IF 3.4 Q2 HEALTH CARE SCIENCES & SERVICES Pub Date : 2025-08-12 eCollection Date: 2025-08-01 DOI: 10.1093/jamiaopen/ooaf073
Vera Sorin, Jeremy D Collins, Alex K Bratt, Joanna E Kusmirek, Vamshi K Mugu, Timothy L Kline, Crystal L Butler, Nadia G Wood, Cole J Cook, Panagiotis Korfiatis

Objectives: Large language models (LLMs) offer potential in natural language processing tasks in healthcare. Due to the need for high accuracy, understanding their limitations is essential. The purpose of this study was to evaluate the performance of LLMs in classifying radiology reports for the presence of pulmonary embolism (PE) under various conditions, including different prompt designs and data perturbations.
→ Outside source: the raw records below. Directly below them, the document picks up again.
lemma (in group) free_action_labelling:
  assumes fin: "finite (carrier G)" and n: "n = l * order G"
    and H: "subgroup H (sym_group n)" and \<phi>: "\<phi> \<in> iso G ((sym_group n)\<lparr>carrier := H\<rparr>)"
    and free: "acts_freely H n" and orbits: "card (perm_orbits H n) = l"
  obtains \<beta> where "bij_betw \<beta> (KG_dom G l) {1..n}"
    and "\<And>h i x. \<lbrakk>h \<in> carrier G; i \<in> {1..l}; x \<in> carrier G\<rbrakk> \<Longrightarrow> \<phi> h (\<beta> (i, x)) = \<beta> (i, x \<otimes> inv h)"
proof -
  obtain r where r: "\<And>i. i \<in> {1..l} \<Longrightarrow> r i \<in> {1..n}"
    and r_inj: "inj_on (\<lambda>i. (\<lambda>\<sigma>. \<sigma> (r i)) ` H) {1..l}"
    using orbit_representatives[OF orbits] by blast
  have \<phi>_hom: "\<phi> \<in> hom G ((sym_group n)\<lparr>carrier := H\<rparr>)" and \<phi>_inj: "inj_on \<phi> (carrier G)"
    using \<phi> by (simp_all add: iso_iff)
  have \<phi>_H: "\<phi> g \<in> H" if "g \<in> carrier G" for g
    using \<phi>_hom that by (auto simp: hom_def)
  have \<phi>_mult: "\<phi> (x \<otimes> y) = \<phi> x \<circ> \<phi> y" if "x \<in> carrier G" "y \<in> carrier G" for x y
    using \<phi>_hom that by (simp add: hom_def sym_group_mult)
  have \<phi>_one: "\<phi> \<one> = id"
    using hom_one[OF \<phi>_hom is_group subgroup.subgroup_is_group[OF H sym_group_is_group]]
    by (simp add: sym_group_one)
  define \<beta> where "\<beta> p = \<phi> (inv (snd p)) (r (fst p))" for p
  \<comment> \<open>Freeness makes \<beta> injective; counting then makes it onto.\<close>
  have equivariant: "\<phi> h (\<beta> (i, x)) = \<beta> (i, x \<otimes> inv h)"
    if "h \<in> carrier G" "x \<in> carrier G" for h i x
    using that by (simp add: \<beta>_def inv_mult_group \<phi>_mult)
  have \<beta>_in: "\<beta> p \<in> {1..n}" if "p \<in> KG_dom G l" for p
  proof -
    obtain i x where "p = (i, x)" by (cases p)
    have "\<phi> (inv x) \<in> carrier (sym_group n)"
      using \<phi>_H subgroup.subset[OF H] that \<open>p = (i, x)\<close> by auto
    then have "\<phi> (inv x) permutes {1..n}"
      unfolding sym_group_carrier .
    moreover have "r i \<in> {1..n}" using r that \<open>p = (i, x)\<close> by simp
    ultimately show ?thesis
      unfolding \<beta>_def \<open>p = (i, x)\<close> fst_conv snd_conv by (rule permutes_in_image[THEN iffD2])
  qed
  have \<beta>_inj: "inj_on \<beta> (KG_dom G l)"
  proof (intro inj_onI, clarify)
    fix i x i' y assume ix: "(i, x) \<in> KG_dom G l" and iy: "(i', y) \<in> KG_dom G l"
      and eq: "\<beta> (i, x) = \<beta> (i', y)"
    have orbit: "(\<lambda>\<sigma>. \<sigma> (\<beta> (k, z))) ` H = (\<lambda>\<sigma>. \<sigma> (r k)) ` H" if "z \<in> carrier G" for k z
      unfolding \<beta>_def using that by (simp add: sym_subgroup_orbit_eq[OF H \<phi>_H])
    have "i = i'"
      using inj_onD[OF r_inj] orbit eq ix iy by (metis KG_dom_iff)
    have "\<phi> (y \<otimes> inv x) (r i) = \<phi> y (\<beta> (i, x))"
      using ix iy by (simp add: \<beta>_def \<phi>_mult)
    also have "\<dots> = \<phi> y (\<beta> (i, y))"
      using eq \<open>i = i'\<close> by simp
    also have "\<dots> = r i"
      using \<phi>_mult[of y "inv y"] iy by (simp add: \<beta>_def \<phi>_one fun_eq_iff)
    finally have "\<phi> (y \<otimes> inv x) (r i) = r i" .
    moreover have "\<phi> (y \<otimes> inv x) \<in> H" "r i \<in> {1..n}"
      using \<phi>_H r ix iy by simp_all
    ultimately have "\<phi> (y \<otimes> inv x) = \<phi> \<one>"
      using free unfolding acts_freely_def \<phi>_one by blast
    then have "y \<otimes> inv x = \<one>"
      using \<phi>_inj ix iy by (simp add: inj_on_def)
    then show "i = i' \<and> x = y"
      using \<open>i = i'\<close> ix iy by (metis KG_dom_iff inv_equality inv_inv inv_closed)
  qed
  have "\<beta> ` KG_dom G l = {1..n}"
  proof (rule card_subset_eq)
    show "\<beta> ` KG_dom G l \<subseteq> {1..n}" using \<beta>_in by blast
    have "card (KG_dom G l) = n"
      using n by (simp add: KG_dom_def card_cartesian_product order_def)
    then show "card (\<beta> ` KG_dom G l) = card {1..n}"
      using card_image[OF \<beta>_inj] by simp
  qed simp
  then have "bij_betw \<beta> (KG_dom G l) {1..n}"
    using \<beta>_inj by (simp add: bij_betw_def)
  with equivariant that show thesis by blast
qed

lemma (in group) quasi_G_code_of_free_action:
  assumes fin: "finite (carrier G)" and n: "n = l * order G" and C: "linear_code n C"
    and H: "subgroup H (sym_group n)" "H \<subseteq> PAut n C"
    and \<phi>: "\<phi> \<in> iso G ((sym_group n)\<lparr>carrier := H\<rparr>)"
    and free: "acts_freely H n" and orbits: "card (perm_orbits H n) = l"
  shows "quasi_G_code G l C"
proof -
  obtain \<beta> where \<beta>: "bij_betw \<beta> (KG_dom G l) {1..n}"
    and equivariant: "\<And>h i x. \<lbrakk>h \<in> carrier G; i \<in> {1..l}; x \<in> carrier G\<rbrakk>
      \<Longrightarrow> \<phi> h (\<beta> (i, x)) = \<beta> (i, x \<otimes> inv h)"
    using free_action_labelling[OF fin n H(1) \<phi> free orbits] by blast
  interpret coordinate_labelling G l n \<beta>
    using fin \<beta> by unfold_locales
  have \<phi>_H: "\<phi> h \<in> H" if "h \<in> carrier G" for h
    using \<phi> that by (auto simp: iso_iff hom_def)
  have "shift h = \<phi> (inv h)" if h: "h \<in> carrier G" for h
  proof (rule shift_unique[symmetric])
    show "\<phi> (inv h) permutes {1..n}"
      using \<phi>_H h subgroup.subset[OF H(1)] sym_group_carrier by blast
    show "\<And>i x. i \<in> {1..l} \<Longrightarrow> x \<in> carrier G \<Longrightarrow> \<phi> (inv h) (\<beta> (i, x)) = \<beta> (i, x \<otimes> h)"
      using h by (simp add: equivariant)
  qed (rule h)
  then have "\<forall>h\<in>carrier G. \<forall>v\<in>C. perm_vec v (shift h) \<in> C"
    using \<phi>_H H(2) by (auto intro!: PAutD)
  then show ?thesis by (rule quasi_G_code_if_shift_invariant[OF n C])
qed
Materials and methods: In this retrospective, institutional review board approved study, we evaluated 3 Google's LLMs including Gemini-1.5-Pro, Gemini-1.5-Flash-001, and Gemini-1.5-Flash-002, in classifying 11 999 pulmonary CT angiography radiology reports for PE. Ground truth labels were determined by concordance between a computer vision-based PE detection (CVPED) algorithm and multiple LLM runs under various configurations. Discrepancies between algorithms' classifications were aggregated and manually reviewed. We evaluated the effects of prompt design, data perturbations, and repeated analyses across geographic cloud regions. Performance metrics were calculated.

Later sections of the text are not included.